**INSTRUCTIONS TO FOLLOW**
The answer is a stretch of the material below, returned exactly: the line containing "case Nil then", the line containing "snoc by simp", and all lines between.
------ INPUT
lemma pds_diff:
  assumes "\<And>Ks. length Ks < length Js \<Longrightarrow> pdifferentiable (pds Ks F) \<and> pdifferentiable (pds Ks G)"
  shows "pds Js (\<lambda>z. F z - G z) = (\<lambda>z. pds Js F z - pds Js G z)"
  using assms
proof (induction Js)
  case Nil show ?case by simp
next
  case (Cons J Js)
  have "pds Js (\<lambda>z. F z - G z) = (\<lambda>z. pds Js F z - pds Js G z)"
    using Cons.prems by (intro Cons.IH) auto
  moreover have "pdifferentiable (pds Js F)" "pdifferentiable (pds Js G)"
    using Cons.prems[of Js] by auto
  ultimately show ?case by (simp add: pd_diff)
qed

lemma pds_const: "pds Is (\<lambda>z. c) = (if Is = [] then (\<lambda>z. c) else (\<lambda>z. 0))"
  by (induction Is) (auto simp: pd_const)

lemma jet_smooth_const: "jet_smooth (\<lambda>z. c)"
  unfolding jet_smooth_iff
proof
  fix Is show "cont_pdiff (pds Is (\<lambda>z. c))"
    by (cases "Is = []") (simp_all add: pds_const cont_pdiff_const)
qed

lemma jet_smooth_add: "jet_smooth f \<Longrightarrow> jet_smooth g \<Longrightarrow> jet_smooth (\<lambda>z. f z + g z)"
  unfolding jet_smooth_iff
proof
  fix Is assume f: "\<forall>Is. cont_pdiff (pds Is f)" and g: "\<forall>Is. cont_pdiff (pds Is g)"
  have "pds Is (\<lambda>z. f z + g z) = (\<lambda>z. pds Is f z + pds Is g z)"
    using f g by (intro pds_add) (simp add: cont_pdiff_def)
  then show "cont_pdiff (pds Is (\<lambda>z. f z + g z))" using f g by (simp add: cont_pdiff_add)
qed

lemma jet_smooth_diff: "jet_smooth f \<Longrightarrow> jet_smooth g \<Longrightarrow> jet_smooth (\<lambda>z. f z - g z)"
  unfolding jet_smooth_iff
proof
  fix Is assume f: "\<forall>Is. cont_pdiff (pds Is f)" and g: "\<forall>Is. cont_pdiff (pds Is g)"
  have "pds Is (\<lambda>z. f z - g z) = (\<lambda>z. pds Is f z - pds Is g z)"
    using f g by (intro pds_diff) (simp add: cont_pdiff_def)
  then show "cont_pdiff (pds Is (\<lambda>z. f z - g z))" using f g by (simp add: cont_pdiff_diff)
qed

lemma jet_smooth_coord: "jet_smooth (\<lambda>z. z J)"
  unfolding jet_smooth_iff
proof
  fix Is show "cont_pdiff (pds Is (\<lambda>z. z J))"
  proof (cases Is rule: rev_cases)
    case Nil then show ?thesis by (simp add: cont_pdiff_coord)
  next
    case (snoc Js I)
    have "pds Is (\<lambda>z. z J) = pds Js (\<lambda>z. if I = J then 1 else 0)"
      using snoc by (simp add: pds_snoc pd_coord)
    moreover have "cont_pdiff (pds Js (\<lambda>z. if I = J then 1 else 0))"
      by (rule jet_smooth_cont_pdiff[OF jet_smooth_const])
    ultimately show ?thesis by simp
  qed
qed

lemma cont_pdiff_pds_mult:
  "length Is = n \<Longrightarrow> jet_smooth f \<Longrightarrow> jet_smooth g \<Longrightarrow> cont_pdiff (pds Is (\<lambda>z. f z * g z))"
proof (induction n arbitrary: Is f g rule: less_induct)
  case (less n)
  show ?case
  proof (cases Is rule: rev_cases)
    case Nil
    then show ?thesis
      using less.prems jet_smooth_cont_pdiff[of f "[]"] jet_smooth_cont_pdiff[of g "[]"]
      by (simp add: cont_pdiff_mult)
  next
    case (snoc Js I)
    have ln: "length Js < n" using less.prems snoc by simp
    have jf: "jet_smooth (pd I f)" "jet_smooth (pd I g)" using less.prems jet_smooth_pd by auto
    have IH: "cont_pdiff (pds Ks (\<lambda>z. pd I f z * g z)) \<and> cont_pdiff (pds Ks (\<lambda>z. f z * pd I g z))"
      if "length Ks \<le> length Js" for Ks
    proof -
      have "length Ks < n" using that ln by simp
      then show ?thesis using less.IH[of "length Ks" Ks] jf less.prems by blast
    qed
    have e1: "pds Is (\<lambda>z. f z * g z) = pds Js (\<lambda>z. pd I f z * g z + f z * pd I g z)"
      using snoc less.prems by (simp add: pds_snoc pd_mult jet_smooth_pdifferentiable)
    have e2: "pds Js (\<lambda>z. pd I f z * g z + f z * pd I g z)
       = (\<lambda>z. pds Js (\<lambda>z. pd I f z * g z) z + pds Js (\<lambda>z. f z * pd I g z) z)"
      by (rule pds_add) (use IH in \<open>auto simp: cont_pdiff_def\<close>)
    show ?thesis unfolding e1 e2 using IH[of Js] by (simp add: cont_pdiff_add)
  qed
qed

lemma jet_smooth_mult: "jet_smooth f \<Longrightarrow> jet_smooth g \<Longrightarrow> jet_smooth (\<lambda>z. f z * g z)"
  unfolding jet_smooth_iff[of "\<lambda>z. f z * g z"]
proof
  fix Is assume "jet_smooth f" "jet_smooth g"
  then show "cont_pdiff (pds Is (\<lambda>z. f z * g z))" by (rule cont_pdiff_pds_mult[OF refl])
qed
------------
**RESULT OF THIS TASK**
    case Nil then show ?thesis by (simp add: cont_pdiff_coord)
  next
    case (snoc Js I)
    have "pds Is (\<lambda>z. z J) = pds Js (\<lambda>z. if I = J then 1 else 0)"
      using snoc by (simp add: pds_snoc pd_coord)
    moreover have "cont_pdiff (pds Js (\<lambda>z. if I = J then 1 else 0))"
      by (rule jet_smooth_cont_pdiff[OF jet_smooth_const])
    ultimately show ?thesis by simp
  qed
qed

lemma cont_pdiff_pds_mult:
  "length Is = n \<Longrightarrow> jet_smooth f \<Longrightarrow> jet_smooth g \<Longrightarrow> cont_pdiff (pds Is (\<lambda>z. f z * g z))"
proof (induction n arbitrary: Is f g rule: less_induct)
  case (less n)
  show ?case
  proof (cases Is rule: rev_cases)
    case Nil
    then show ?thesis
      using less.prems jet_smooth_cont_pdiff[of f "[]"] jet_smooth_cont_pdiff[of g "[]"]
      by (simp add: cont_pdiff_mult)
  next
    case (snoc Js I)
    have ln: "length Js < n" using less.prems snoc by simp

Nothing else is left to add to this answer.